Insight into the Enhanced Photo-Fenton Degradation Performance of Fe3O4@β-Ketoenamine-Linked Covalent Organic Framework

The sluggish charge-transfer kinetics of Fe(II) regeneration, unsatisfactory utilization of H2O2, and low reaction efficiency remain largely unresolved in Fe3O4-based heterogeneous photo-Fenton systems. Herein, an in situ covalent attaching strategy was employed to fabricate Fe3O4@covalent organic framework (COF) core–shell heterostructures. By virtue of this, enhanced photoresponsive behavior was obtained to tailor the regeneration kinetics for Fe(II) and ideal catalytic sites for H2O2 were provided.

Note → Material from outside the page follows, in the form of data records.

(* Assume (A1)–(A5). Then for all $(t,x,y)\in(0,+\infty)\times\mathbb{R}^2$, $\underline{u}(t,x+y)-\underline{u}(t,x)\le|y|$.
   Context: Let $R,p,G:\mathbb{R}\to\mathbb{R}$; for each integer $K\ge1$ let $\delta_K>0$ with $\delta_K\to0$ and $h_K:=\delta_K\log K\to0$. (A1) $R,p$ Lipschitz with $\underline{R}\le R\le\overline{R}$, $0<\underline{p}\le p\le\overline{p}$. (A2) $G$ positive continuous, $\int G=1$, $G(x)=f(x)e^{-|x|}$ with $0<\min f\le f\le\sup f<\infty$. (A3) $u^{K,0}(i\delta_K)\le-A|i\delta_K|+B_1$ for all $i,K$, constants $A,B_1>0$. (A4) There is $L\in(0,1)$ with $|u^{K,0}((i+1)\delta_K)-u^{K,0}(i\delta_K)|\le L\delta_K$. (A5) The linear interpolation of $u^{K,0}$ converges locally uniformly to a continuous $u^0$. Let $u^K$ solve $\frac{d}{dt}u^{K}_i=R(i\delta_K)+\sum_{l}p((l+i)\delta_K)h_KG(lh_K)e^{\log K(u^{K}_{l+i}-u^{K}_i)}$, $u^K_i(0)=u^{K,0}(i\delta_K)$, and $\widetilde u^K(t,x)=u^K_i(t)(1-\frac{x}{\delta_K}+i)+u^K_{i+1}(t)(\frac{x}{\delta_K}-i)$ for $x\in[i\delta_K,(i+1)\delta_K)$. Define $\underline{u}(t,x)=\liminf_{K\to\infty,(s,y)\to(t,x)}\widetilde u^K(s,y)$. *)

theory Defs
  imports "HOL-Analysis.Analysis"
begin

definition interp :: "real \<Rightarrow> (int \<Rightarrow> real) \<Rightarrow> real \<Rightarrow> real" where
  "interp d v x = (let i = \<lfloor>x / d\<rfloor> in
     v i * (1 - x / d + of_int i) + v (i + 1) * (x / d - of_int i))"

definition lower_relaxed :: "(nat \<Rightarrow> real \<Rightarrow> real \<Rightarrow> real) \<Rightarrow> real \<Rightarrow> real \<Rightarrow> ereal" where
  "lower_relaxed w t x =
     Liminf (sequentially \<times>\<^sub>F nhds (t, x)) (\<lambda>(K, (s, y)). ereal (w K s y))"

end

theory Submission
  imports Defs
begin

text \<open>If the inequality failed, there would be reals b + |y| < a such that, for K large, the
  interpolant exceeds a near (t, x + y) but falls below b at points (s, z) arbitrarily close to
  (t, x), hence some grid value satisfies u_j(s) < b. As the rate of u_j is bounded below by
  inf R, u_j stays below b + O(\<sigma>) on [s - \<sigma>, s], while the roughly \<sigma>/\<delta>_K neighbours
  j + l with l \<delta>_K \<in> [y - \<sigma>, y] lie above it by more than |l \<delta>_K|. Each of them contributes at
  least (inf p) (inf G e^|x|) h_K to the jump sum, so on [s - \<sigma>, s] the rate of u_j is of
  order ln K, and u_j(s) \<ge> u_j(0) - O(1) + C \<sigma>^2 ln K > b for K large, because by (A5) the
  initial data are bounded below near x. Only the lower bounds on R, p and G from (A1) and (A2)
  and the local uniform convergence (A5) enter the argument.\<close>

lemma Liminf_le_Liminf_add:
  fixes f :: "'a \<Rightarrow> real"
  assumes "\<And>a b. b + c < a \<Longrightarrow> \<forall>\<^sub>F q in F. a < f q \<Longrightarrow> \<forall>\<^sub>F q in G. b \<le> f q"
  shows "Liminf F (\<lambda>q. ereal (f q)) \<le> Liminf G (\<lambda>q. ereal (f q)) + ereal c"
proof (rule ccontr)
  define LF where "LF = Liminf F (\<lambda>q. ereal (f q))"
  define LG where "LG = Liminf G (\<lambda>q. ereal (f q))"
  assume "\<not> ?thesis"
  then have "LG + ereal c < LF" unfolding LF_def LG_def by simp
  then obtain a where a: "LG + ereal c < ereal a" "ereal a < LF"
    using ereal_dense2 by blast
  then have "LG < ereal (a - c)"
    by (cases LG) auto
  then obtain b where b: "LG < ereal b" "ereal b < ereal (a - c)"
    using ereal_dense2 by blast
  have "\<forall>\<^sub>F q in F. a < f q"
    using less_LiminfD[OF a(2)[unfolded LF_def]] by simp
  with b(2) have "\<forall>\<^sub>F q in G. ereal b \<le> ereal (f q)"
    using assms[of b a] by simp
  then have "ereal b \<le> LG"
    unfolding LG_def by (rule Liminf_bounded)
  with b(1) show False by simp
qed

lemma uniform_limit_eventually_bounded:
  fixes f :: "'i \<Rightarrow> 'a::topological_space \<Rightarrow> 'b::real_normed_vector"
  assumes "uniform_limit S f g F" "continuous_on S g" "compact S"
  shows "\<exists>B. \<forall>\<^sub>F n in F. \<forall>z\<in>S. norm (f n z) \<le> B"
proof -
  obtain B where B: "\<And>z. z \<in> S \<Longrightarrow> norm (g z) \<le> B"
    using compact_imp_bounded[OF compact_continuous_image[OF assms(2,3)]]
    unfolding bounded_iff by auto
  have "\<forall>\<^sub>F n in F. \<forall>z\<in>S. dist (f n z) (g z) < 1"
    using uniform_limitD[OF assms(1)] by simp
  then have "\<forall>\<^sub>F n in F. \<forall>z\<in>S. norm (f n z) \<le> B + 1"
  proof eventually_elim
    case (elim n)
    show ?case
    proof
      fix z assume "z \<in> S"
      have "norm (f n z) \<le> norm (g z) + norm (f n z - g z)"
        by (rule norm_triangle_sub)
      with B[OF \<open>z \<in> S\<close>] elim \<open>z \<in> S\<close> show "norm (f n z) \<le> B + 1"
        by (auto simp: dist_norm)
    qed
  qed
  then show ?thesis ..
qed

lemma increment_ge_if_DERIV_within_ge:
  fixes f :: "real \<Rightarrow> real"
  assumes "a \<le> b" "{a..b} \<subseteq> S"
    and D: "\<And>s. a \<le> s \<Longrightarrow> s \<le> b \<Longrightarrow> \<exists>D. (f has_real_derivative D) (at s within S) \<and> c \<le> D"
  shows "c * (b - a) \<le> f b - f a"
proof -
  have "continuous_on {a..b} f"
  proof (rule continuous_on_eq_continuous_within[THEN iffD2], rule ballI)
    fix s assume "s \<in> {a..b}"
    then obtain D where "(f has_real_derivative D) (at s within S)"
      using D by auto
    then show "continuous (at s within {a..b}) f"
      using DERIV_continuous continuous_within_subset assms(2) by blast
  qed
  then have "f a - c * a \<le> f b - c * b"
  proof (intro DERIV_nonneg_imp_increasing_open[OF \<open>a \<le> b\<close>] continuous_intros)
    fix s assume s: "a < s" "s < b"
    then obtain D where fD: "(f has_real_derivative D) (at s within S)" and "c \<le> D"
      using D[of s] by auto
    have "{a<..<b} \<subseteq> interior S"
      using assms(2) by (intro interior_maximal) auto
    with s fD have "(f has_real_derivative D) (at s)"
      using at_within_interior by fastforce
    then have "((\<lambda>s. f s - c * s) has_real_derivative D - c) (at s)"
      by (auto intro!: derivative_eq_intros)
    with \<open>c \<le> D\<close> show "\<exists>y. ((\<lambda>s. f s - c * s) has_real_derivative y) (at s) \<and> 0 \<le> y"
      by auto
  qed
  then show ?thesis by (simp add: algebra_simps)
qed

lemma grid_points_in_interval:
  assumes "0 < d" "2 * d \<le> \<eta>"
  obtains \<Lambda> :: "int set"
  where "finite \<Lambda>" "\<And>l. l \<in> \<Lambda> \<Longrightarrow> y - \<eta> \<le> of_int l * d \<and> of_int l * d \<le> y"
    "\<eta> \<le> 2 * d * real (card \<Lambda>)"
proof
  define \<Lambda> where "\<Lambda> = {\<lceil>(y - \<eta>) / d\<rceil>..\<lfloor>y / d\<rfloor>}"
  show "finite \<Lambda>" unfolding \<Lambda>_def by simp
  show "y - \<eta> \<le> of_int l * d \<and> of_int l * d \<le> y" if "l \<in> \<Lambda>" for l
  proof -
    have "(y - \<eta>) / d \<le> of_int l" "of_int l \<le> y / d"
      using that unfolding \<Lambda>_def by (simp_all add: ceiling_le_iff le_floor_iff)
    with \<open>0 < d\<close> show ?thesis by (simp add: field_simps)
  qed
  have "y / d - 1 - (y - \<eta>) / d - 1 + 1 \<le> real (card \<Lambda>)"
    unfolding \<Lambda>_def by simp linarith
  then have "\<eta> / d - 1 \<le> real (card \<Lambda>)" by (simp add: diff_divide_distrib)
  with assms show "\<eta> \<le> 2 * d * real (card \<Lambda>)"
    by (simp add: field_simps)
qed

lemma interp_grid_point:
  assumes "d \<noteq> 0"
  shows "interp d v (of_int j * d) = v j"
  using assms by (simp add: interp_def)

lemma interp_ge_if_nodes_ge:
  assumes "d > 0" and nodes: "\<And>j. \<bar>of_int j * d - z\<bar> \<le> d \<Longrightarrow> b \<le> v j"
  shows "b \<le> interp d v z"
proof -
  define i where "i = \<lfloor>z / d\<rfloor>"
  define \<theta> where "\<theta> = z / d - of_int i"
  have \<theta>: "0 \<le> \<theta>" "\<theta> \<le> 1" unfolding \<theta>_def i_def by linarith+
  have "of_int i \<le> z / d" "z / d < of_int i + 1" unfolding i_def by linarith+
  with \<open>d > 0\<close> have "of_int i * d \<le> z" "z < (of_int i + 1) * d"
    by (simp_all add: field_simps)
  then have "b \<le> v i" "b \<le> v (i + 1)"
    using nodes[of i] nodes[of "i + 1"] by (simp_all add: algebra_simps)
  then have "b * (1 - \<theta>) + b * \<theta> \<le> v i * (1 - \<theta>) + v (i + 1) * \<theta>"
    using \<theta> by (intro add_mono mult_right_mono) auto
  also have "\<dots> = interp d v z"
    unfolding interp_def i_def \<theta>_def Let_def by (simp add: algebra_simps)
  finally show ?thesis by (simp add: algebra_simps)
qed

lemma eventually_grid_values_ge:
  assumes "\<And>K. K \<ge> 1 \<Longrightarrow> \<delta> K > 0"
    and "uniform_limit {x - 1..x + 1} (\<lambda>K. interp (\<delta> K) (v K)) g sequentially"
    and "continuous_on {x - 1..x + 1} g"
  shows "\<exists>B. \<forall>\<^sub>F K in sequentially. \<forall>j. \<bar>of_int j * \<delta> K - x\<bar> \<le> 1 \<longrightarrow> - B \<le> v K j"
proof -
  obtain B where "\<forall>\<^sub>F K in sequentially. \<forall>z\<in>{x - 1..x + 1}. norm (interp (\<delta> K) (v K) z) \<le> B"
    using uniform_limit_eventually_bounded[OF assms(2,3) compact_Icc] by blast
  then have "\<forall>\<^sub>F K in sequentially. \<forall>j. \<bar>of_int j * \<delta> K - x\<bar> \<le> 1 \<longrightarrow> - B \<le> v K j"
    using eventually_ge_at_top[of 1]
  proof eventually_elim
    case (elim K)
    show ?case
    proof (intro allI impI)
      fix j assume "\<bar>of_int j * \<delta> K - x\<bar> \<le> 1"
      then have "of_int j * \<delta> K \<in> {x - 1..x + 1}"
        by (auto simp: abs_le_iff)
      with elim have "\<bar>interp (\<delta> K) (v K) (of_int j * \<delta> K)\<bar> \<le> B"
        by auto
      moreover have "interp (\<delta> K) (v K) (of_int j * \<delta> K) = v K j"
        using assms(1)[of K] elim by (intro interp_grid_point) simp
      ultimately show "- B \<le> v K j"
        by simp
    qed
  qed
  then show ?thesis ..
qed

locale lattice_system =
  fixes R p G :: "real \<Rightarrow> real"
    and \<delta> :: "nat \<Rightarrow> real"
    and u :: "nat \<Rightarrow> int \<Rightarrow> real \<Rightarrow> real"
    and R0 p0 c :: real
  assumes delta_pos: "\<And>K. K \<ge> 1 \<Longrightarrow> \<delta> K > 0"
    and R_ge: "\<And>x. R0 \<le> R x"
    and p0_pos: "0 < p0" and p_ge: "\<And>x. p0 \<le> p x"
    and G_pos: "\<And>x. 0 < G x"
    and c_pos: "0 < c" and G_exp_ge: "\<And>x. c \<le> G x * exp \<bar>x\<bar>"
    and u_ode: "\<And>K i t. K \<ge> 1 \<Longrightarrow> t \<ge> 0 \<Longrightarrow>
       \<exists>S. ((\<lambda>l::int. p ((of_int l + of_int i) * \<delta> K) * (\<delta> K * ln (real K))
                 * G (of_int l * (\<delta> K * ln (real K)))
                 * exp (ln (real K) * (u K (l + i) t - u K i t))) has_sum S) UNIV
           \<and> ((\<lambda>s. u K i s) has_real_derivative (R (of_int i * \<delta> K) + S)) (at t within {0..})"
begin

Molecular engineering was further employed to manipulate the linkages (β-ketoenamine or imine) of the COFs. Bearing a β-ketoenamine linkage, the Fe3O4@TpTta COF exhibited remarkably fast kinetics (0.111 min–1) as well as exceptional pH tolerance in photo-Fenton degradation of methylene blue, which stands out among the state-of-the-art photocatalysts. Combined with theoretical calculations, the electron-transfer route and interfacial interactions between the oxidant and catalysts with different linkages were fully revealed, giving insight into the synergistic relationship between photocatalysis and Fenton reactions.